- Born: Brooke's Point, Palawan
- Citizenship: Filipino
- Education: University of the Philippines Baguio (BS) University of the Philippines Diliman (MS) Laval University (Ph.D)
- Known for: First Filipino to descent to Emden Deep; among the first two people to do so (with Victor Vescovo)
- Scientific career
- Fields: Microbial oceanography
- Workplaces: University of the Philippines Marine Science Institute

= Deo Florence Onda =

Filipino microbial oceanographer

Deo Florence L. Onda is a Filipino microbial oceanographer. He is known for being the first Filipino to descend into the Emden Deep in the Philippine Trench.

==Early life and education==
Onda was born in Brooke's Point, Palawan. He earned his Interuniversity PhD in Oceanography from the Université Laval in Quebec City, Canada. He did his post-doctoral fellowship at the Alfred Wegener Institute in Bremerhaven, Germany.

==Career==
===University of the Philippines===
Onda is an associate professor at the University of the Philippines Marine Science Institute (UP MSI); the youngest faculty member of the institution as of March 2021.

===Protect WPS===
Onda was the chief scientist of the Protect WPS (Predicting Responses between Ocean Transport and Ecological Connectivity of Threatened ecosystems in the West Philippine Sea) expedition group which conducted research in the Spratly Islands in 2019. The expedition noted "relatively unhealthy" conditions of reefs in Thitu Island and the Sabina Shoal. The research also noted new sightings of seaweed species previously unrecorded in the area and also collected six crates of trash from the sea. The expedition used the RV Kasarinlan, a research marine vessel owned by UP MSI.

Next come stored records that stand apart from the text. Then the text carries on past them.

(* Let $\mu$ be a centered log-concave probability measure on $\mathbb{R}^n$, and let $A\subset\mathbb{R}^n$ be a convex body with $rB_2^n\subseteq A$ for some $r>0$. Then $$\mu^+(\partial A)\leq \frac{2n\,\mu(A)}{r}.$$
   Context: A probability measure on $\mathbb{R}^n$ is log-concave (full-dimensional) if it has a density $f$ with $\ln f$ concave; centered means its barycenter is $0$. A convex body is a compact convex set with nonempty interior; $B_2^n$ is the Euclidean unit ball. $\mu^+(\partial A)=\liminf_{\epsilon\to0^+}\frac{\mu((A+\epsilon B_2^n)\setminus A)}{\epsilon}$. *)

theory Defs
  imports "HOL-Analysis.Analysis"
begin

text \<open>Log-concave density: f \<ge> 0 and ln f concave (with ln 0 = -\<infinity>), i.e.
  f((1-t)x + t y) \<ge> f(x)^(1-t) f(y)^t for 0 < t < 1.\<close>
definition log_concave_fun :: "('a::real_vector \<Rightarrow> real) \<Rightarrow> bool" where
  "log_concave_fun f \<longleftrightarrow> (\<forall>x. 0 \<le> f x) \<and>
     (\<forall>x y. \<forall>t\<in>{0<..<1}. f x powr (1 - t) * f y powr t \<le> f ((1 - t) *\<^sub>R x + t *\<^sub>R y))"

definition centered_log_concave_density :: "('a::euclidean_space \<Rightarrow> real) \<Rightarrow> bool" where
  "centered_log_concave_density f \<longleftrightarrow>
     f \<in> borel_measurable borel \<and> log_concave_fun f \<and>
     (\<integral>\<^sup>+x. ennreal (f x) \<partial>lborel) = 1 \<and>
     has_bochner_integral lborel (\<lambda>x. f x *\<^sub>R x) 0"

definition convex_body :: "'a::euclidean_space set \<Rightarrow> bool" where
  "convex_body A \<longleftrightarrow> compact A \<and> convex A \<and> interior A \<noteq> {}"

definition boundary_measure :: "'a::euclidean_space measure \<Rightarrow> 'a set \<Rightarrow> ereal" where
  "boundary_measure M A = Liminf (at_right 0)
     (\<lambda>e. ereal (measure M ({a + e *\<^sub>R b | a b. a \<in> A \<and> b \<in> cball 0 1} - A) / e))"

end

theory Submission
  imports Defs "HOL-Probability.Probability_Measure"
begin

text \<open>Put \<open>s = 1 + e / r\<close>. Since \<open>A\<close> is convex and contains \<open>r B\<close>, both \<open>A + e B\<close> and \<open>A\<close>
  lie in \<open>s A\<close>, so \<open>\<mu>((A + e B) - A) \<le> \<mu>(s A) - \<mu>(A)\<close>. Log-concavity on the segment from \<open>0\<close>
  to \<open>s y\<close>, combined with Fradelizi's inequality \<open>f \<le> e\<^sup>n f(0)\<close>, gives
  \<open>f(s y) \<le> e\<^bsup>n (s - 1)\<^esup> f(y)\<close>; after the change of variables \<open>x = s y\<close> this yields
  \<open>\<mu>(s A) \<le> s\<^sup>n e\<^bsup>n (s - 1)\<^esup> \<mu>(A)\<close>, and the right-hand side has derivative \<open>2 n \<mu>(A) / r\<close> at \<open>e = 0\<close>.
  Fradelizi's inequality itself follows by integrating
  \<open>f(t z + (1 - t) x) \<ge> (f(z) / f(0))\<^sup>t f(x) (1 - t \<langle>h, x\<rangle>)\<close> over \<open>x\<close>, where \<open>h\<close> is a
  supergradient of \<open>ln f\<close> at the barycenter \<open>0\<close>, and letting \<open>t \<rightarrow> 0\<close>.\<close>

lemma nn_integral_affine:
  fixes t :: "'a::euclidean_space" and g :: "'a \<Rightarrow> ennreal"
  assumes [measurable]: "g \<in> borel_measurable borel" and c: "c \<noteq> 0"
  shows "(\<integral>\<^sup>+x. g x \<partial>lborel) = ennreal (\<bar>c\<bar> ^ DIM('a)) * (\<integral>\<^sup>+x. g (t + c *\<^sub>R x) \<partial>lborel)"
  by (subst lborel_affine[OF c, of t])
     (simp add: nn_integral_density nn_integral_distr nn_integral_cmult)

lemma integral_le_nn_integral:
  fixes k :: "'b \<Rightarrow> real"
  assumes "integrable M k"
  shows "ennreal (integral\<^sup>L M k) \<le> (\<integral>\<^sup>+x. ennreal (k x) \<partial>M)"
proof -
  have int_pos: "integrable M (\<lambda>x. max 0 (k x))" using assms by auto
  have "ennreal (integral\<^sup>L M k) \<le> ennreal (integral\<^sup>L M (\<lambda>x. max 0 (k x)))"
    using assms int_pos by (intro ennreal_leI integral_mono) auto
  also have "\<dots> = (\<integral>\<^sup>+x. ennreal (max 0 (k x)) \<partial>M)"
    using int_pos by (subst nn_integral_eq_integral) auto
  also have "\<dots> = (\<integral>\<^sup>+x. ennreal (k x) \<partial>M)"
    by (intro nn_integral_cong) (auto simp: max_def ennreal_neg)
  finally show ?thesis .
qed

lemma log_concave_fun_nonneg: "log_concave_fun f \<Longrightarrow> 0 \<le> f x"
  by (simp add: log_concave_fun_def)

lemma log_concave_funD_ln:
  assumes "log_concave_fun f" "0 < f x" "0 < f y" "0 \<le> a" "0 \<le> b" "a + b = 1"
  shows "0 < f (a *\<^sub>R x + b *\<^sub>R y)" and "a * ln (f x) + b * ln (f y) \<le> ln (f (a *\<^sub>R x + b *\<^sub>R y))"
proof -
  have "0 < f (a *\<^sub>R x + b *\<^sub>R y) \<and> a * ln (f x) + b * ln (f y) \<le> ln (f (a *\<^sub>R x + b *\<^sub>R y))"
  proof (cases "a = 0 \<or> b = 0")
    case True
    then show ?thesis using assms by auto
  next
    case False
    then have b: "b \<in> {0<..<1}" and a: "a = 1 - b" using assms by auto
    have le: "f x powr a * f y powr b \<le> f (a *\<^sub>R x + b *\<^sub>R y)"
      using assms(1) b unfolding a log_concave_fun_def by blast
    have pos: "0 < f x powr a * f y powr b" using assms by simp
    have "a * ln (f x) + b * ln (f y) = ln (f x powr a * f y powr b)"
      using assms by (simp add: ln_mult)
    also have "\<dots> \<le> ln (f (a *\<^sub>R x + b *\<^sub>R y))" using le pos by simp
    finally show ?thesis using le pos by simp
  qed
  then show "0 < f (a *\<^sub>R x + b *\<^sub>R y)" "a * ln (f x) + b * ln (f y) \<le> ln (f (a *\<^sub>R x + b *\<^sub>R y))"
    by auto
qed

lemma convex_log_concave_support: "log_concave_fun f \<Longrightarrow> convex {x. 0 < f x}"
  unfolding convex_def using log_concave_funD_ln(1) by blast

lemma convex_log_concave_strict_hypograph:
  assumes lc: "log_concave_fun f"
  shows "convex {(x, u). 0 < f x \<and> u < ln (f x) - c}"
  unfolding convex_def
proof clarsimp
  fix x y u v and a b :: real
  assume x: "0 < f x" "u < ln (f x) - c" and y: "0 < f y" "v < ln (f y) - c"
    and ab: "0 \<le> a" "0 \<le> b" "a + b = 1"
  have "a * u + b * v < a * (ln (f x) - c) + b * (ln (f y) - c)"
  proof (cases "a = 0")
    case False
    then have "a * u < a * (ln (f x) - c)" using ab x by simp
    moreover have "b * v \<le> b * (ln (f y) - c)" using ab y by (simp add: mult_left_mono)
    ultimately show ?thesis by simp
  qed (use ab y in simp)
  also have "\<dots> = a * ln (f x) + b * ln (f y) - (a + b) * c"
    by (simp add: algebra_simps)
  also have "\<dots> \<le> ln (f (a *\<^sub>R x + b *\<^sub>R y)) - c"
    using log_concave_funD_ln(2)[OF lc x(1) y(1) ab] ab(3) by simp
  finally show "0 < f (a *\<^sub>R x + b *\<^sub>R y) \<and> a * u + b * v < ln (f (a *\<^sub>R x + b *\<^sub>R y)) - c"
    using log_concave_funD_ln(1)[OF lc x(1) y(1) ab] by simp
qed

lemma centered_density_meets_open_halfspaces:
  fixes f :: "'a::euclidean_space \<Rightarrow> real"
  assumes [measurable]: "f \<in> borel_measurable borel" and nonneg: "\<And>x. 0 \<le> f x"
    and mass: "(\<integral>\<^sup>+x. ennreal (f x) \<partial>lborel) \<noteq> 0"
    and centered: "has_bochner_integral lborel (\<lambda>x. f x *\<^sub>R x) 0"
    and "g \<noteq> 0"
  shows "\<exists>x. 0 < f x \<and> g \<bullet> x < 0"
proof (rule ccontr)
  assume contra: "\<not> ?thesis"
  have halfspace: "0 \<le> g \<bullet> (f x *\<^sub>R x)" for x
  proof (cases "0 < f x")
    case True
    then have "0 \<le> g \<bullet> x" using contra not_less by blast
    with True show ?thesis by simp
  qed (use nonneg[of x] in simp)
  have int: "integrable lborel (\<lambda>x. f x *\<^sub>R x)" and "integral\<^sup>L lborel (\<lambda>x. f x *\<^sub>R x) = 0"
    using centered by (auto simp: has_bochner_integral_iff)
  then have "integral\<^sup>L lborel (\<lambda>x. g \<bullet> (f x *\<^sub>R x)) = 0"
    by (subst integral_inner_right[OF int]) simp
  then have "AE x in lborel. g \<bullet> (f x *\<^sub>R x) = 0"
    using integral_nonneg_eq_0_iff_AE[OF integrable_inner_right[OF int]] halfspace by simp
  moreover have "{x. g \<bullet> x = 0} \<in> null_sets lborel"
    using negligible_hyperplane[of g 0] \<open>g \<noteq> 0\<close>
    by (simp add: negligible_iff_null_sets null_sets_completion_iff[symmetric])
  then have "AE x in lborel. g \<bullet> x \<noteq> 0"
    by (rule AE_I') auto
  ultimately have "AE x in lborel. ennreal (f x) = 0"
    by eventually_elim auto
  then show False
    using mass by (simp add: nn_integral_0_iff_AE)
qed

lemma log_concave_fun_pos_0:
  fixes f :: "'a::euclidean_space \<Rightarrow> real"
  assumes "log_concave_fun f" and "\<And>g. g \<noteq> 0 \<Longrightarrow> \<exists>x. 0 < f x \<and> g \<bullet> x < 0"
  shows "0 < f 0"
proof (rule ccontr)
  assume "\<not> 0 < f 0"
  then obtain g where "g \<noteq> 0" "\<forall>x\<in>{x. 0 < f x}. 0 \<le> g \<bullet> x"
    using separating_hyperplane_set_0[OF convex_log_concave_support[OF assms(1)]] by auto
  with assms(2) show False by force
qed

text \<open>A supporting hyperplane of the convex hypograph of \<open>ln f\<close> at \<open>0\<close>; it is not vertical because
  the support of \<open>f\<close> lies in no closed half-space through the origin.\<close>
lemma log_concave_fun_le_exp_linear:
  fixes f :: "'a::euclidean_space \<Rightarrow> real"
  assumes lc: "log_concave_fun f" and meets: "\<And>g. g \<noteq> 0 \<Longrightarrow> \<exists>x. 0 < f x \<and> g \<bullet> x < 0"
  obtains h where "\<And>x. f x \<le> f 0 * exp (h \<bullet> x)"
proof -
  have pos: "0 < f 0" using log_concave_fun_pos_0[OF assms] .
  define H where "H = {(x, u). 0 < f x \<and> u < ln (f x) - ln (f 0)}"
  have "convex H" unfolding H_def by (rule convex_log_concave_strict_hypograph[OF lc])
  moreover have "0 \<notin> H" unfolding H_def by (auto simp: zero_prod_def)
  ultimately obtain p where p: "p \<noteq> 0" "\<forall>z\<in>H. 0 \<le> p \<bullet> z"
    using separating_hyperplane_set_0 by blast
  obtain g c where gc: "p = (g, c)" by (cases p)
  have sep: "0 \<le> g \<bullet> x + c * u" if "0 < f x" "u < ln (f x) - ln (f 0)" for x u
    using p(2) that gc unfolding H_def by auto
  have "c \<le> 0" using sep[of 0 "-1"] pos by simp
  moreover have "c \<noteq> 0"
  proof
    assume "c = 0"
    then have "g \<noteq> 0" using p(1) gc by (simp add: zero_prod_def)
    then obtain x where "0 < f x" "g \<bullet> x < 0" using meets by blast
    with sep[of x "ln (f x) - ln (f 0) - 1"] \<open>c = 0\<close> show False by simp
  qed
  ultimately have "c < 0" by simp
  define h where "h = (- 1 / c) *\<^sub>R g"
  have "f x \<le> f 0 * exp (h \<bullet> x)" for x
  proof (cases "0 < f x")
    case False
    then show ?thesis using log_concave_fun_nonneg[OF lc, of x] pos by simp
  next
    case True
    have "ln (f x) - ln (f 0) \<le> h \<bullet> x"
    proof (rule dense_le)
      fix u assume "u < ln (f x) - ln (f 0)"
      from sep[OF True this] have "- c * u \<le> g \<bullet> x" by simp
      then show "u \<le> h \<bullet> x"
        using \<open>c < 0\<close> unfolding h_def by (simp add: field_simps)
    qed
    then have "exp (ln (f x)) \<le> exp (ln (f 0) + h \<bullet> x)" by simp
    then show ?thesis using True pos by (simp add: exp_add)
  qed
  then show ?thesis using that by blast
qed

===Emden Deep expedition===
Victor Vescovo's Caladan Oceanic initiated an expedition to the Emden Deep, the deepest point in the Philippine Trench and third deepest in the world. Deo Florence Onda was invited to join Vescovo in the expedition's descent to the Emden Deep which would make Onda, the first Filipino to make a descent to the deep. The expedition started off in Guam on March 15, with Vescovo and Onda on board the DSSV Pressure Drop where they would be deployed in a separate submersible vehicle, the DSV Limiting Factor. Onda agreed to take part in the expedition to " assert the sovereign rights" of the Philippines over the underwater feature. The descent took place on March 23. At Emden Deep, Onda waved the Philippine flag.

There is a children's book named Ang Doktor ng Dagat based on his work.